1964 Wisconsin Supreme Court election
| Candidate | Horace W. Wilkie | Howard H. Boyle Jr. |
| Popular vote | 556,639 | 489,703 |
| Percentage | 53.20% | 46.80% |
- Wilkie: 50–60% 60–70% 70–80% Boyle: 50–60% 60–70% 80–90%
| Justice before election Horace W. Wilkie | Elected Justice Horace W. Wilkie |

= 1964 Wisconsin Supreme Court election =

The 1964 Wisconsin Supreme Court election was held on Tuesday, April 7, 1964, to elect a justice to the Wisconsin Supreme Court for a ten-year term. The incumbent justice Horace W. Wilkie won re-election over challenger Howard H. Boyle Jr. Prior to the main election, a third candidate, Harry E. Larsen, was eliminated in a primary election held on March 10.

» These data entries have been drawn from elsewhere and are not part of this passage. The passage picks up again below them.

(* Let $(\mathcal C,\otimes,\mathbb I)$ be a monoidal category with pushouts and $(H,\Delta,\varepsilon)$ a coalgebra in $\mathcal C$. The induction construction defines a functor $\mathsf{Ind}:\mathsf{Cov}^H\to\mathsf{PCom}^H$: on objects, $\mathsf{Ind}(Y,X,p)$ is the partial comodule induced from $Y$ to $X$ via $p$; on morphisms, for $(F,f):(Y,X,p)\to(Y',X',p')$ in $\mathsf{Cov}^H$ there is a unique morphism $f\bullet H:X\bullet H\to X'\bullet H$ with $(f\bullet H)\circ\rho_X=\rho_{X'}\circ f$ and $(f\bullet H)\circ\pi_X=\pi_{X'}\circ(f\otimes H)$, and $\mathsf{Ind}(F,f)=(f,f\bullet H)$ is a morphism of geometric partial comodules.
   Context: $\mathcal C$ is treated as strict monoidal; the identity of an object $X$ is also written $X$. $\mathsf{Com}^H$ is the category of right $H$-comodules $(Y,\delta)$. A partial comodule datum is $(X,X\bullet H,\pi_X,\rho_X)$ with $\rho_X:X\to X\bullet H$ and $\pi_X:X\otimes H\to X\bullet H$ an epimorphism. For such a datum let: $(X\bullet H)\bullet H$ be the pushout of $\pi_X$ and $\rho_X\otimes H$, with coprojections $\rho_X\bullet H$ and $\pi_{X\bullet H}$; $X\bullet(H\otimes H)$ the pushout of $\pi_X$ and $X\otimes\Delta$, with coprojections $X\bullet\Delta$ and $\pi_{X,\Delta}$; $X\bullet(H\bullet H)$ the pushout of $\pi_{X,\Delta}$ and $\pi_X\otimes H$, with coprojections $\pi'_X$ and $\pi'_{X,\Delta}$. A geometric partial $H$-comodule is a datum such that (GP1) there is $X\bullet\varepsilon:X\bullet H\to X$ with $(X\bullet\varepsilon)\circ\rho_X=\mathrm{id}_X$ and $(X\bullet\varepsilon)\circ\pi_X=X\otimes\varepsilon$; (GP2) there is an isomorphism $\theta:X\bullet(H\bullet H)\to(X\bullet H)\bullet H$ with $\theta\circ\pi'_{X,\Delta}=\pi_{X\bullet H}$ and $(\rho_X\bullet H)\circ\rho_X=\theta\circ\pi'_X\circ(X\bullet\Delta)\circ\rho_X$. Morphisms $X\to X'$ are pairs $(f,f\bullet H)$ with $\rho_{X'}\circ f=(f\bullet H)\circ\rho_X$ and $\pi_{X'}\circ(f\otimes H)=(f\bullet H)\circ\pi_X$; category $\mathsf{PCom}^H$. Induction: given $(Y,\delta)\in\mathsf{Com}^H$ and an epimorphism $p:Y\to X$ in $\mathcal C$, let $X\bullet H$ with coprojections $\rho_X:X\to X\bullet H$ and $\pi_X:X\otimes H\to X\bullet H$ be the pushout of $p$ and $(p\otimes H)\circ\delta$; it is known that $(X,X\bullet H,\pi_X,\rho_X)$ is a geometric partial comodule (the induced one). $\mathsf{Cov}^H$ has objects $(Y,X,p)$ with $Y\in\mathsf{Com}^H$, $X\in\mathcal C$, $p:Y\to X$ an epimorphism in $\mathcal C$; morphisms $(F,f):(Y,X,p)\to(Y',X',p')$ consist of a comodule morphism $F:Y\to Y'$ and a morphism $f:X\to X'$ in $\mathcal C$ with $p'\circ F=f\circ p$. *)

theory Defs
  imports Main
begin

text \<open>A category is given by a set of objects, a set of arrows, domain, codomain,
identities and composition (cmp g f = g after f).\<close>

record ('o,'a) mcat =
  Obj :: "'o set"
  Arr :: "'a set"
  cdom :: "'a \<Rightarrow> 'o"
  ccod :: "'a \<Rightarrow> 'o"
  idt :: "'o \<Rightarrow> 'a"
  cmp :: "'a \<Rightarrow> 'a \<Rightarrow> 'a"
  tob :: "'o \<Rightarrow> 'o \<Rightarrow> 'o"
  tar :: "'a \<Rightarrow> 'a \<Rightarrow> 'a"
  unt :: "'o"

definition hom :: "('o,'a) mcat \<Rightarrow> 'o \<Rightarrow> 'o \<Rightarrow> 'a set" where
  "hom C a b = {f \<in> Arr C. cdom C f = a \<and> ccod C f = b}"

definition category :: "('o,'a) mcat \<Rightarrow> bool" where
  "category C \<longleftrightarrow>
     (\<forall>f\<in>Arr C. cdom C f \<in> Obj C \<and> ccod C f \<in> Obj C) \<and>
     (\<forall>a\<in>Obj C. idt C a \<in> hom C a a) \<and>
     (\<forall>f\<in>Arr C. \<forall>g\<in>Arr C. ccod C f = cdom C g \<longrightarrow>
         cmp C g f \<in> hom C (cdom C f) (ccod C g)) \<and>
     (\<forall>f\<in>Arr C. cmp C f (idt C (cdom C f)) = f \<and> cmp C (idt C (ccod C f)) f = f) \<and>
     (\<forall>f\<in>Arr C. \<forall>g\<in>Arr C. \<forall>h\<in>Arr C. ccod C f = cdom C g \<longrightarrow> ccod C g = cdom C h \<longrightarrow>
         cmp C h (cmp C g f) = cmp C (cmp C h g) f)"

definition strict_monoidal :: "('o,'a) mcat \<Rightarrow> bool" where
  "strict_monoidal C \<longleftrightarrow> category C \<and> unt C \<in> Obj C \<and>
     (\<forall>a\<in>Obj C. \<forall>b\<in>Obj C. tob C a b \<in> Obj C) \<and>
     (\<forall>f\<in>Arr C. \<forall>g\<in>Arr C.
         tar C f g \<in> hom C (tob C (cdom C f) (cdom C g)) (tob C (ccod C f) (ccod C g))) \<and>
     (\<forall>a\<in>Obj C. \<forall>b\<in>Obj C. tar C (idt C a) (idt C b) = idt C (tob C a b)) \<and>
     (\<forall>f\<in>Arr C. \<forall>g\<in>Arr C. \<forall>f'\<in>Arr C. \<forall>g'\<in>Arr C.
         ccod C f = cdom C g \<longrightarrow> ccod C f' = cdom C g' \<longrightarrow>
         tar C (cmp C g f) (cmp C g' f') = cmp C (tar C g g') (tar C f f')) \<and>
     (\<forall>a\<in>Obj C. \<forall>b\<in>Obj C. \<forall>c\<in>Obj C. tob C (tob C a b) c = tob C a (tob C b c)) \<and>
     (\<forall>f\<in>Arr C. \<forall>g\<in>Arr C. \<forall>h\<in>Arr C. tar C (tar C f g) h = tar C f (tar C g h)) \<and>
     (\<forall>a\<in>Obj C. tob C (unt C) a = a \<and> tob C a (unt C) = a) \<and>
     (\<forall>f\<in>Arr C. tar C (idt C (unt C)) f = f \<and> tar C f (idt C (unt C)) = f)"

definition epi :: "('o,'a) mcat \<Rightarrow> 'a \<Rightarrow> bool" where
  "epi C e \<longleftrightarrow> e \<in> Arr C \<and>
     (\<forall>g\<in>Arr C. \<forall>h\<in>Arr C. cdom C g = ccod C e \<longrightarrow> cdom C h = ccod C e \<longrightarrow>
        ccod C g = ccod C h \<longrightarrow> cmp C g e = cmp C h e \<longrightarrow> g = h)"

definition iso :: "('o,'a) mcat \<Rightarrow> 'a \<Rightarrow> bool" where
  "iso C f \<longleftrightarrow> f \<in> Arr C \<and>
     (\<exists>g\<in>hom C (ccod C f) (cdom C f).
        cmp C g f = idt C (cdom C f) \<and> cmp C f g = idt C (ccod C f))"

definition is_pushout :: "('o,'a) mcat \<Rightarrow> 'a \<Rightarrow> 'a \<Rightarrow> 'o \<Rightarrow> 'a \<Rightarrow> 'a \<Rightarrow> bool" where
  "is_pushout C f g P i j \<longleftrightarrow>
     f \<in> Arr C \<and> g \<in> Arr C \<and> cdom C f = cdom C g \<and>
     i \<in> hom C (ccod C f) P \<and> j \<in> hom C (ccod C g) P \<and>
     cmp C i f = cmp C j g \<and>
     (\<forall>Q u v. u \<in> hom C (ccod C f) Q \<longrightarrow> v \<in> hom C (ccod C g) Q \<longrightarrow>
        cmp C u f = cmp C v g \<longrightarrow>
        (\<exists>!w. w \<in> hom C P Q \<and> cmp C w i = u \<and> cmp C w j = v))"

definition has_pushouts :: "('o,'a) mcat \<Rightarrow> bool" where
  "has_pushouts C \<longleftrightarrow>
     (\<forall>f\<in>Arr C. \<forall>g\<in>Arr C. cdom C f = cdom C g \<longrightarrow> (\<exists>P i j. is_pushout C f g P i j))"

definition coalgebra :: "('o,'a) mcat \<Rightarrow> 'o \<Rightarrow> 'a \<Rightarrow> 'a \<Rightarrow> bool" where
  "coalgebra C H D e \<longleftrightarrow> H \<in> Obj C \<and>
     D \<in> hom C H (tob C H H) \<and> e \<in> hom C H (unt C) \<and>
     cmp C (tar C D (idt C H)) D = cmp C (tar C (idt C H) D) D \<and>
     cmp C (tar C e (idt C H)) D = idt C H \<and>
     cmp C (tar C (idt C H) e) D = idt C H"

definition comodule :: "('o,'a) mcat \<Rightarrow> 'o \<Rightarrow> 'a \<Rightarrow> 'a \<Rightarrow> 'o \<Rightarrow> 'a \<Rightarrow> bool" where
  "comodule C H D e Y dl \<longleftrightarrow> Y \<in> Obj C \<and> dl \<in> hom C Y (tob C Y H) \<and>
     cmp C (tar C dl (idt C H)) dl = cmp C (tar C (idt C Y) D) dl \<and>
     cmp C (tar C (idt C Y) e) dl = idt C Y"

definition comodule_mor :: "('o,'a) mcat \<Rightarrow> 'o \<Rightarrow> 'o \<Rightarrow> 'a \<Rightarrow> 'o \<Rightarrow> 'a \<Rightarrow> 'a \<Rightarrow> bool" where
  "comodule_mor C H Y dl Y' dl' F \<longleftrightarrow> F \<in> hom C Y Y' \<and>
     cmp C dl' F = cmp C (tar C F (idt C H)) dl"

definition pcom_datum :: "('o,'a) mcat \<Rightarrow> 'o \<Rightarrow> 'o \<Rightarrow> 'o \<Rightarrow> 'a \<Rightarrow> 'a \<Rightarrow> bool" where
  "pcom_datum C H X XH pi rho \<longleftrightarrow> X \<in> Obj C \<and> XH \<in> Obj C \<and>
     rho \<in> hom C X XH \<and> pi \<in> hom C (tob C X H) XH \<and> epi C pi"

text \<open>Geometric partial comodule, conditions (GP1) and (GP2). The pushouts
(X\<bullet>H)\<bullet>H, X\<bullet>(H\<otimes>H), X\<bullet>(H\<bullet>H) are given as some choice of pushout
(they exist since C has pushouts; GP2 does not depend on the choice).\<close>

definition geom_pcom :: "('o,'a) mcat \<Rightarrow> 'o \<Rightarrow> 'a \<Rightarrow> 'a \<Rightarrow> 'o \<Rightarrow> 'o \<Rightarrow> 'a \<Rightarrow> 'a \<Rightarrow> bool" where
  "geom_pcom C H D e X XH pi rho \<longleftrightarrow> pcom_datum C H X XH pi rho \<and>
     (\<exists>Xe \<in> hom C XH X. cmp C Xe rho = idt C X \<and> cmp C Xe pi = tar C (idt C X) e) \<and>
     (\<exists>XHH rhoH piXH XHxH XD piXD XHbH pi' pi'XD theta.
        is_pushout C pi (tar C rho (idt C H)) XHH rhoH piXH \<and>
        is_pushout C pi (tar C (idt C X) D) XHxH XD piXD \<and>
        is_pushout C piXD (tar C pi (idt C H)) XHbH pi' pi'XD \<and>
        theta \<in> hom C XHbH XHH \<and> iso C theta \<and>
        cmp C theta pi'XD = piXH \<and>
        cmp C rhoH rho = cmp C theta (cmp C pi' (cmp C XD rho)))"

Boyle centered his candidacy on castigating Wilkie for joining the majority in the McCauley v. Tropic of Cancer ruling of early 1964, in which the court had held that the novel Tropic of Cancer by Henry Miller was not legally obscene, an outcome that had been very unpopular with the public. Boyle's decision to campaign in this manner attracted criticism accusing him of acting in violation of canon 30 of the American Bar Association's Canons of Judicial Ethics. Boyle's performance in the primary and general elections was unexpectedly competitive against Wilkie, who had originally been expected to have an easy re-election.

==Background==
Wilkie had been appointed to the court in 1962 by Governor Gaylord A. Nelson. The 1964 election was his first election to retain his judgeship. The election was held during the state's spring elections. During the spring primaries, the judicial primary was the only statewide ballot item, as no additional statewide offices questions were presented to voters on the spring primary ballot.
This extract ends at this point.